These results, thus, help rationalize the overall high abundance of knots found inside viral capsids, as fully flexible equilateral rings can be taken as a crude model of circularized DNA, with the bond length corresponding to the Kuhn length. Incidentally, we note that thermal fluctuations that establish canonical equilibrium are essential to introduce knotting in the confined rings. In fact, DNA packing models at zero temperature, i.e. energy-minimizing configurations, yield ordered spools that are virtually knot-free [53].

Though the overall high incidence of DNA knots is accounted for by general models of confined polymers [50, 54], the same models fail to reproduce the key features of the knot spectrum, such as the characteristic over-representation of torus knots.

This is well illustrated by the relative abundance of \(5_1\) and \(5_2\) knots, which have the same nominal complexity (5 crossings in their simplest diagrammatic representation) but one belongs to the torus knots family and the other to the twist knot family.

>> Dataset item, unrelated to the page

(* Let $\gamma$ be a functorial with $\gamma(G)>1$ for every finite group $G\ne1$, satisfying (F1) and (F2). (1) If $G=A_1\times\dots\times A_n$ is the direct product of its normal subgroups $A_i$, then $h_\gamma(G)=\max\{h_\gamma(A_i)\mid 1\le i\le n\}$. (2) If $G=\langle A_i\mid 1\le i\le n\rangle$ is the join of its subnormal subgroups $A_i$, then $h_\gamma(G)\le\max\{h_\gamma(A_i)\mid 1\le i\le n\}$; if moreover $\gamma$ satisfies (F5), then $h_\gamma(G)=\max\{h_\gamma(A_i)\mid 1\le i\le n\}$.
   Context: All groups are finite. A functorial is a function $\theta$ assigning to each group $G$ a characteristic subgroup $\theta(G)$ such that $f(\theta(G))=\theta(f(G))$ for every isomorphism $f$. Conditions (for every group $G$): (F1) $f(\gamma(G))\subseteq\gamma(f(G))$ for every epimorphism $f:G\to G^*$; (F2) $\gamma(N)\subseteq\gamma(G)$ for every $N\trianglelefteq G$; (F5) $\gamma(G)\cap N\subseteq\gamma(N)$ for every $N\trianglelefteq G$. The $\gamma$-series is $\gamma_{(0)}(G)=1$ and $\gamma_{(i+1)}(G)$ the full preimage of $\gamma(G/\gamma_{(i)}(G))$; $h_\gamma(G)$ is the least $h$ with $\gamma_{(h)}(G)=G$. *)

theory Defs
  imports "HOL-Algebra.Algebra"
begin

At all levels of spatial confinement of infinitely thing rings, the population of \(5_2\) knots is usually twice as abundant as the \(5_1\) knot, see e.g. simulation data in Fig.  8.2b. The result holds more in general, as it applies to other common models of rings, such as semi-flexible rings of cylinders or semi-flexible chains of beads, and, thus, reflects the larger configurational entropy of \(5_2\) knots compared to \(5_1\) ones [49, 50, 54, 55]. However, the opposite bias is observed in viral DNA, see experimental data in Fig.   8.2b. One, thus, concludes that the strong bias towards torus knots observed experimentally is due to specific properties of DNA packing that are not captured by general polymer models.

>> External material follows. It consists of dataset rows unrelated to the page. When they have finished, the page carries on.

lemma unitary_corep_row:
  assumes u: "unitary_corep H n u" and "i < n"
  shows "corep_row H {..<n} u (u i)"
  unfolding corep_row_def
proof (intro allI impI)
  fix f g j
  assume f: "linear_functional (sc H) f" and g: "linear_functional (sc H) g" and "j \<in> {..<n}"
  then have "teqH H (cop H (u i j)) (map (\<lambda>k. (u i k, u k j)) [0..<n])"
    using u \<open>i < n\<close> unfolding unitary_corep_def by auto
  then show "cop_apply H f g (u i j) = (\<Sum>k\<in>{..<n}. f (u i k) * g (u k j))"
    using f g unfolding cop_apply_def tensor_eq_def
    by (simp add: sum_list_sum_nth atLeast0LessThan)
qed

lemma corep_row_Sigma:
  assumes "finite T" "\<And>t. t \<in> T \<Longrightarrow> finite (J t)"
    and rows: "\<And>t. t \<in> T \<Longrightarrow> corep_row H (J t) (M t) (\<phi> t)"
  shows "corep_row H (Sigma T J) (block_diag M) (\<lambda>x. \<phi> (fst x) (snd x))"
  unfolding corep_row_def
proof (intro allI impI)
  fix f g y assume f: "linear_functional (sc H) f" and g: "linear_functional (sc H) g"
    and "y \<in> Sigma T J"
  then obtain t b where y: "y = (t, b)" "t \<in> T" "b \<in> J t"
    by auto
  have "(\<Sum>x\<in>Sigma T J. f (\<phi> (fst x) (snd x)) * g (block_diag M x y))
      = (\<Sum>s\<in>T. \<Sum>k\<in>J s. f (\<phi> s k) * g (block_diag M (s, k) y))"
    using assms(1,2) by (simp add: sum.Sigma split_def)
  also have "\<dots> = (\<Sum>s\<in>T. if s = t then (\<Sum>k\<in>J t. f (\<phi> t k) * g (M t k b)) else 0)"
    by (intro sum.cong refl) (auto simp: block_diag_def y(1) lmap_zero[OF g])
  also have "\<dots> = cop_apply H f g (\<phi> t b)"
    using rows[OF y(2)] f g y(3) assms(1) y(2) unfolding corep_row_def by simp
  finally show "cop_apply H f g (\<phi> (fst y) (snd y))
      = (\<Sum>x\<in>Sigma T J. f (\<phi> (fst x) (snd x)) * g (block_diag M x y))"
    using y(1) by simp
qed

lemma unitary_matrix_Sigma:
  assumes "finite T" "\<And>t. t \<in> T \<Longrightarrow> finite (J t)"
    and unitary: "\<And>t. t \<in> T \<Longrightarrow> unitary_matrix H (J t) (M t)"
  shows "unitary_matrix H (Sigma T J) (block_diag M)"
  unfolding unitary_matrix_def
proof (intro conjI ballI)
  fix x y assume "x \<in> Sigma T J" "y \<in> Sigma T J"
  then show "st H (block_diag M y x) = ant H (block_diag M x y)"
    using unitary unfolding unitary_matrix_def block_diag_def
    by (auto simp: star_zero ant_zero)
next
  fix x y assume "x \<in> Sigma T J" "y \<in> Sigma T J"
  then obtain t a s b where xy: "x = (t, a)" "y = (s, b)" "t \<in> T" "a \<in> J t" "s \<in> T" "b \<in> J s"
    by auto
  have "(\<Sum>z\<in>Sigma T J. block_diag M x z * st H (block_diag M y z))
      = (\<Sum>r\<in>T. \<Sum>k\<in>J r. block_diag M x (r, k) * st H (block_diag M y (r, k)))"
    using assms(1,2) by (simp add: sum.Sigma split_def)
  also have "\<dots> = (\<Sum>r\<in>T. if r = t
      then (\<Sum>k\<in>J t. block_diag M x (t, k) * st H (block_diag M y (t, k))) else 0)"
    by (intro sum.cong refl) (auto simp: block_diag_def xy(1))
  also have "\<dots> = (\<Sum>k\<in>J t. block_diag M x (t, k) * st H (block_diag M y (t, k)))"
    using assms(1) xy(3) by simp
  also have "\<dots> = (if x = y then 1 else 0)"
  proof (cases "s = t")
    case True
    then show ?thesis
      using unitary[OF xy(3), unfolded unitary_matrix_def, THEN conjunct2] xy
      unfolding block_diag_def by simp
  next
    case False
    then show ?thesis
      using xy unfolding block_diag_def by (simp add: star_zero)
  qed
  finally show "(\<Sum>z\<in>Sigma T J. block_diag M x z * st H (block_diag M y z))
      = (if x = y then 1 else 0)" .
qed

The conundrum was clarified in the study of Ref. [49], which noted that the DNA packing density inside viral capsids is sufficiently high to cause a local cholesteric ordering of contacting DNA strands. This cholesteric ordering follows from the double-helical nature of DNA, which causes contacting strands to juxtapose at a preferred angle. The study then showed that when propensities for local cholesteric ordering are included in DNA models, the knot spectrum acquires the correct bias towards torus knots, and even a quantitative agreement with experimental data can be reached; see Fig. 8.4a.

Fig. 8.4
figure 4

Reproduced with permission from Ref. [49]

a Accounting for DNA cholesteric interactions allows to reproduce the experimental topological spectrum of DNA inside capsids. b Including or excluding cholesteric interactions significantly affects the arrangement of the confined model DNA.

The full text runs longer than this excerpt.